=== Begin Enclosure ===

lemma sequential_bottleneck_margin:
  fixes W :: "'a \<Rightarrow> 'b \<Rightarrow> real"
  assumes "finite A" "finite T" "n = card T"
    and Abar_def: "Abar = (\<lambda>k. A - ist ` {1..<k})"
    and Tbar_def: "Tbar = (\<lambda>k. T - jst ` {1..<k})"
    and bedge: "\<forall>k\<in>{1..n}. (ist k, jst k) \<in> bedges W (Abar k) (Tbar k)"
    and pos: "\<forall>k\<in>{1..n}. 0 < rmargin W (Abar k) (Tbar k)"
    and opt: "\<forall>k\<in>{1..n}. PiS \<in> Bset W (Abar k) (Tbar k) (Abar k \<times> Tbar k)"
    and W_nonneg: "\<forall>i j. 0 \<le> W i j"
    and l: "l \<in> {1..n}" and i': "i' \<in> Abar l" "i' \<noteq> ist l"
  shows "ereal (W (ist l) (jst l)) + rmargin W (Abar l) (Tbar l) \<le> ereal (W i' (jst l))
    \<or> (\<exists>k\<in>{l<..n}. i' = ist k
          \<and> ereal (W (ist l) (jst l)) + rmargin W (Abar l) (Tbar l) \<le> ereal (W (ist l) (jst k)))"
  (is "?near \<or> ?later")
proof -
  let ?r = "rmargin W (Abar l) (Tbar l)"
  have fin: "finite (Abar k)" "finite (Tbar k)" for k
    using assms(1,2) unfolding Abar_def Tbar_def by auto
  have chosen: "ist k \<in> Abar k" "jst k \<in> Tbar k" if "k \<in> {1..n}" for k
    using bedge bedges_subset that by blast+
  have assigned: "PiS (ist k) (jst k) = 1" if "k \<in> {1..n}" for k
    using bedge_assigned[OF fin] bedge pos opt W_nonneg that by blast
  have "jst ` {1..n} \<subseteq> T" and "card (jst ` {1..n}) = n"
    using chosen(2) inj_on_sequential_choice[of n jst] card_image[of jst "{1..n}"]
    unfolding Tbar_def by auto
  then have T_eq: "T = jst ` {1..n}" using card_subset_eq assms(2,3) by metis
  have "?near \<or> (\<exists>j\<in>Tbar l. PiS i' j = 1 \<and> ereal (W (ist l) (jst l)) + ?r \<le> ereal (W (ist l) j))"
    using bedge_margin_dichotomy[OF fin bedge[rule_format, OF l] pos[rule_format, OF l]
        W_nonneg[rule_format] opt[rule_format, OF l] i'] .
  moreover have ?later
    if j: "j \<in> Tbar l" "PiS i' j = 1" and far: "ereal (W (ist l) (jst l)) + ?r \<le> ereal (W (ist l) j)"
    for j
  proof -
    have "W (ist l) (jst l) < W (ist l) j" using far pos[rule_format, OF l] by (cases ?r) auto
    then have "j \<noteq> jst l" by auto
    obtain k where k: "k \<in> {1..n}" "j = jst k"
      using j(1) T_eq unfolding Tbar_def by blast
    have "k \<notin> {1..<l}" using j(1) k(2) unfolding Tbar_def by auto
    moreover have "k \<noteq> l" using k(2) \<open>j \<noteq> jst l\<close> by auto
    ultimately have "l < k" using k(1) by auto
    then have "ist k \<in> Abar l" using chosen(1)[OF k(1)] unfolding Abar_def by auto
    then have "i' = ist k"
      using sum_le_one_eq[OF fin(1) i'(1), of "ist k" "\<lambda>i. PiS i j"] j assigned[OF k(1)] k(2)
        assignments_column_sum[of PiS "Abar l" "Tbar l" j] opt l unfolding Bset_def by auto
    then show ?later using \<open>l < k\<close> k far by auto
  qed
  ultimately show ?thesis by blast
qed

=== End Enclosure ===

#### [Task directions]
What is needed here is an exact copy of every record.

#### [Result]
lemma sequential_bottleneck_margin:
  fixes W :: "'a \<Rightarrow> 'b \<Rightarrow> real"
  assumes "finite A" "finite T" "n = card T"
    and Abar_def: "Abar = (\<lambda>k. A - ist ` {1..<k})"
    and Tbar_def: "Tbar = (\<lambda>k. T - jst ` {1..<k})"
    and bedge: "\<forall>k\<in>{1..n}. (ist k, jst k) \<in> bedges W (Abar k) (Tbar k)"
    and pos: "\<forall>k\<in>{1..n}. 0 < rmargin W (Abar k) (Tbar k)"
    and opt: "\<forall>k\<in>{1..n}. PiS \<in> Bset W (Abar k) (Tbar k) (Abar k \<times> Tbar k)"
    and W_nonneg: "\<forall>i j. 0 \<le> W i j"
    and l: "l \<in> {1..n}" and i': "i' \<in> Abar l" "i' \<noteq> ist l"
  shows "ereal (W (ist l) (jst l)) + rmargin W (Abar l) (Tbar l) \<le> ereal (W i' (jst l))
    \<or> (\<exists>k\<in>{l<..n}. i' = ist k
          \<and> ereal (W (ist l) (jst l)) + rmargin W (Abar l) (Tbar l) \<le> ereal (W (ist l) (jst k)))"
  (is "?near \<or> ?later")
proof -
  let ?r = "rmargin W (Abar l) (Tbar l)"
  have fin: "finite (Abar k)" "finite (Tbar k)" for k
    using assms(1,2) unfolding Abar_def Tbar_def by auto
  have chosen: "ist k \<in> Abar k" "jst k \<in> Tbar k" if "k \<in> {1..n}" for k
    using bedge bedges_subset that by blast+
  have assigned: "PiS (ist k) (jst k) = 1" if "k \<in> {1..n}" for k
    using bedge_assigned[OF fin] bedge pos opt W_nonneg that by blast
  have "jst ` {1..n} \<subseteq> T" and "card (jst ` {1..n}) = n"
    using chosen(2) inj_on_sequential_choice[of n jst] card_image[of jst "{1..n}"]
    unfolding Tbar_def by auto
  then have T_eq: "T = jst ` {1..n}" using card_subset_eq assms(2,3) by metis
  have "?near \<or> (\<exists>j\<in>Tbar l. PiS i' j = 1 \<and> ereal (W (ist l) (jst l)) + ?r \<le> ereal (W (ist l) j))"
    using bedge_margin_dichotomy[OF fin bedge[rule_format, OF l] pos[rule_format, OF l]
        W_nonneg[rule_format] opt[rule_format, OF l] i'] .
  moreover have ?later
    if j: "j \<in> Tbar l" "PiS i' j = 1" and far: "ereal (W (ist l) (jst l)) + ?r \<le> ereal (W (ist l) j)"
    for j
  proof -
    have "W (ist l) (jst l) < W (ist l) j" using far pos[rule_format, OF l] by (cases ?r) auto
    then have "j \<noteq> jst l" by auto
    obtain k where k: "k \<in> {1..n}" "j = jst k"
      using j(1) T_eq unfolding Tbar_def by blast
    have "k \<notin> {1..<l}" using j(1) k(2) unfolding Tbar_def by auto
    moreover have "k \<noteq> l" using k(2) \<open>j \<noteq> jst l\<close> by auto
    ultimately have "l < k" using k(1) by auto
    then have "ist k \<in> Abar l" using chosen(1)[OF k(1)] unfolding Abar_def by auto
    then have "i' = ist k"
      using sum_le_one_eq[OF fin(1) i'(1), of "ist k" "\<lambda>i. PiS i j"] j assigned[OF k(1)] k(2)
        assignments_column_sum[of PiS "Abar l" "Tbar l" j] opt l unfolding Bset_def by auto
    then show ?later using \<open>l < k\<close> k far by auto
  qed
  ultimately show ?thesis by blast
qed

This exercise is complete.